The liberal base reacted with fury. Tens of thousands of people protested at airports around the county. There was also a lot of deep resistance in Washington, too. Sally Yates, the acting attorney general, refused to defend the order, which bans people from seven Muslim-majority country, in court. She determined it was a Muslim ban. She was fired.

More than 900 State Department employees signed a "dissent cable." (Dissent cables have a long tradition at the State Department. There's even an award for it.) But the dissent prompted Spicer to say, "They should either get with the program, or they can go."

The order also seems to have further soured America's relationship with its allies. Just days after British Prime Minister Theresa May stood in the East Room with Trump, she and other European leaders blasted his plan. May called it "divisive and wrong." And Wednesday night, the Washington Post reported on a tense phone call between Trump and the Australian prime minister over the ban.

During the campaign, Trump's call for a Muslim ban was one of his most controversial promises. And now that he's enacting it, it's not any less divisive.

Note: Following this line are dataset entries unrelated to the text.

lemma reduced_word_exists:
  assumes "x \<in> G"
  obtains u where "reduced_word u" "snd ` set u \<subseteq> S" "word_eval u = x"
proof -
  obtain w where w: "snd ` set w \<subseteq> S" "x = word_eval w"
    using free assms unfolding free_on_def by auto
  show ?thesis
    using that[OF reduced_word_reduce] snd_set_reduce[of w] w word_eval_reduce[OF bij_S]
    by blast
qed

lemma comp_mem:
  assumes "x \<in> G" "y \<in> G"
  shows "x \<circ> y \<in> G"
proof -
  obtain u v where "snd ` set u \<subseteq> S" "word_eval u = x" "snd ` set v \<subseteq> S" "word_eval v = y"
    using reduced_word_exists[OF assms(1)] reduced_word_exists[OF assms(2)] by metis
  thus ?thesis using word_eval_mem[of "u @ v"] by (auto simp: word_eval_append)
qed

lemma inv_mem:
  assumes "x \<in> G"
  shows "inv x \<in> G"
proof -
  obtain u where "snd ` set u \<subseteq> S" "word_eval u = x" using reduced_word_exists[OF assms] by blast
  thus ?thesis
    using word_eval_mem[of "word_inv u"] word_eval_word_inv[OF bij_S] by (simp add: snd_set_word_inv)
qed

lemma reduced_word_unique:
  assumes u: "reduced_word u" "snd ` set u \<subseteq> S" and v: "reduced_word v" "snd ` set v \<subseteq> S"
    and eq: "word_eval u = word_eval v"
  shows "u = v"
proof -
  let ?y = "reduce (word_inv v @ u)"
  have letters: "snd ` set (word_inv v @ u) \<subseteq> S"
    using u v by (simp add: image_Un snd_set_word_inv)
  have "word_eval ?y = inv (word_eval v) \<circ> word_eval u"
    using letters u v by (simp add: word_eval_reduce[OF bij_S] word_eval_append word_eval_word_inv[OF bij_S])
  also have "\<dots> = id" using eq bij_word_eval[OF bij_S v(2)] by (simp add: bij_is_inj)
  finally have "word_eval ?y = id" .
  moreover have "snd ` set ?y \<subseteq> S" using snd_set_reduce[of "word_inv v @ u"] letters by blast
  ultimately have "?y = []" using reduced_word_eval_id_imp_Nil reduced_word_reduce by blast
  moreover have "?y = foldr cancel_Cons (word_inv v) u"
    using reduce_append[of "word_inv v" u] reduce_reduced_word[OF u(1)] by simp
  ultimately have "foldr cancel_Cons v (foldr cancel_Cons (word_inv v) u) = foldr cancel_Cons v []"
    by simp
  thus ?thesis
    using foldr_cancel_Cons_word_inv[OF u(1), of v] reduce_reduced_word[OF v(1)] by (simp add: reduce_def)
qed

Trump seems to be doubling down on division. He mocked and belittled Senate Minority Leader Chuck Schumer — whom he had already called a clown — for crying "fake tears" when Schumer choked up at an event protesting the order.

"I want to know who his acting coach was," Trump sneered at an unrelated event.

At the time, Schumer was surrounded by distraught constituents from a diverse set of ethnicities, races and religions.

Again, this kind of withering, bullying, verbal assault worked for Trump during the campaign. Will the fake-tears-of-a-clown attack help Trump govern? After all, there are many things on Trump's agenda that will need 60 votes to pass the Senate — and Schumer will have to provide some of them from Democratic ranks if Trump is to succeed.

But the weekend's events have made that harder. Trump's executive order on immigration has engaged and enraged the liberal base, ensuring that Democrats in Congress will be under tremendous pressure not to cooperate with Trump on anything.

The political lesson Trump appears to have learned is that division works; there's no need to adjust and it's not necessary to reach out beyond the 46 percent of voters that brought him — stunningly and improbably — to the White House.